Records excerpted from a collection
※

lemma R_functional: "(a, c) \<in> R \<Longrightarrow> (a, d) \<in> R \<Longrightarrow> c = d"
  by (auto simp: R_iff)

lemma root_no_edge: "(r, c) \<notin> R"
  by (auto simp: R_iff)

lemma finite_R: "finite R"
proof -
  have "R = (\<lambda>v. (v, par v)) ` (V - {r})" by (auto simp: up_edges_def)
  thus ?thesis using finite_V by simp
qed

text \<open>Since edges are functional, a cycle through \<open>x\<close> also passes through every vertex
  reachable from \<open>x\<close>; in particular through the root, which has no outgoing edge.\<close>

lemma cycle_step: "(x, x) \<in> R\<^sup>+ \<Longrightarrow> (x, y) \<in> R \<Longrightarrow> (y, y) \<in> R\<^sup>+"
proof -
  assume cyc: "(x, x) \<in> R\<^sup>+" and xy: "(x, y) \<in> R"
  have "(y, x) \<in> R\<^sup>*"
    using cyc
  proof (rule converse_tranclE)
    assume "(x, x) \<in> R"
    thus ?thesis using R_functional[OF _ xy] by simp
  next
    fix z assume "(x, z) \<in> R" "(z, x) \<in> R\<^sup>+"
    thus ?thesis using R_functional[OF _ xy] by (simp add: trancl_into_rtrancl)
  qed
  thus ?thesis using xy by (rule rtrancl_into_trancl1)
qed

lemma cycle_propagates: "(x, y) \<in> R\<^sup>* \<Longrightarrow> (x, x) \<in> R\<^sup>+ \<Longrightarrow> (y, y) \<in> R\<^sup>+"
proof (induction rule: rtrancl_induct)
  case (step y z)
  show ?case by (rule cycle_step[OF step.IH[OF step.prems] step.hyps(2)])
qed

lemma no_cycle: "(x, x) \<notin> R\<^sup>+"
proof
  assume cyc: "(x, x) \<in> R\<^sup>+"
  then obtain y where "(x, y) \<in> R" by (blast dest: tranclD)
  then have "(x, r) \<in> R\<^sup>*" using reaches_root by (simp add: R_iff)
  from cycle_propagates[OF this cyc] obtain z where "(r, z) \<in> R" by (blast dest: tranclD)
  thus False using root_no_edge by blast
qed

lemma wf_R: "wf R"
proof (rule finite_acyclic_wf[OF finite_R])
  show "acyclic R" using no_cycle by (simp add: acyclic_def)
qed

lemma ancestors_comparable:
  "(a, c) \<in> R\<^sup>* \<Longrightarrow> (a, d) \<in> R\<^sup>* \<Longrightarrow> (c, d) \<in> R\<^sup>* \<or> (d, c) \<in> R\<^sup>*"
proof (induction rule: rtrancl_induct)
  case base thus ?case by simp
next
  case (step y z)
  from step.IH[OF step.prems] show ?case
  proof
    assume "(d, y) \<in> R\<^sup>*"
    thus ?thesis using step.hyps(2) by (blast intro: rtrancl_into_rtrancl)
  next
    assume "(y, d) \<in> R\<^sup>*"
    thus ?thesis
    proof (cases rule: converse_rtranclE)
      case base
      thus ?thesis using step.hyps(2) by blast
    next
      case (step z')
      thus ?thesis using R_functional[OF _ \<open>(y, z) \<in> R\<close>] by blast
    qed
  qed
qed

lemma subtree_subset_V: "subtree V r par u \<subseteq> V"
  by (auto simp: subtree_def)

lemma subtree_non_root: "v \<in> subtree V r par u \<Longrightarrow> v \<noteq> u \<Longrightarrow> v \<in> V - {r}"
proof -
  assume v: "v \<in> subtree V r par u" "v \<noteq> u"
  then have "(v, u) \<in> R\<^sup>*" "v \<in> V" by (auto simp: subtree_def)
  moreover have "v \<noteq> r"
  proof
    assume "v = r"
    with \<open>(v, u) \<in> R\<^sup>*\<close> have "(r, u) \<in> R\<^sup>*" by simp
    thus False
    proof (cases rule: converse_rtranclE)
      case base thus False using v(2) \<open>v = r\<close> by simp
    next
      case (step y) thus False using root_no_edge by blast
    qed
  qed
  ultimately show ?thesis by simp
qed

※

After going through the entries, say how many lines contain the string "obtain". Nothing else belongs in the reply.

• **RESULT OF THE EXERCISE**:
2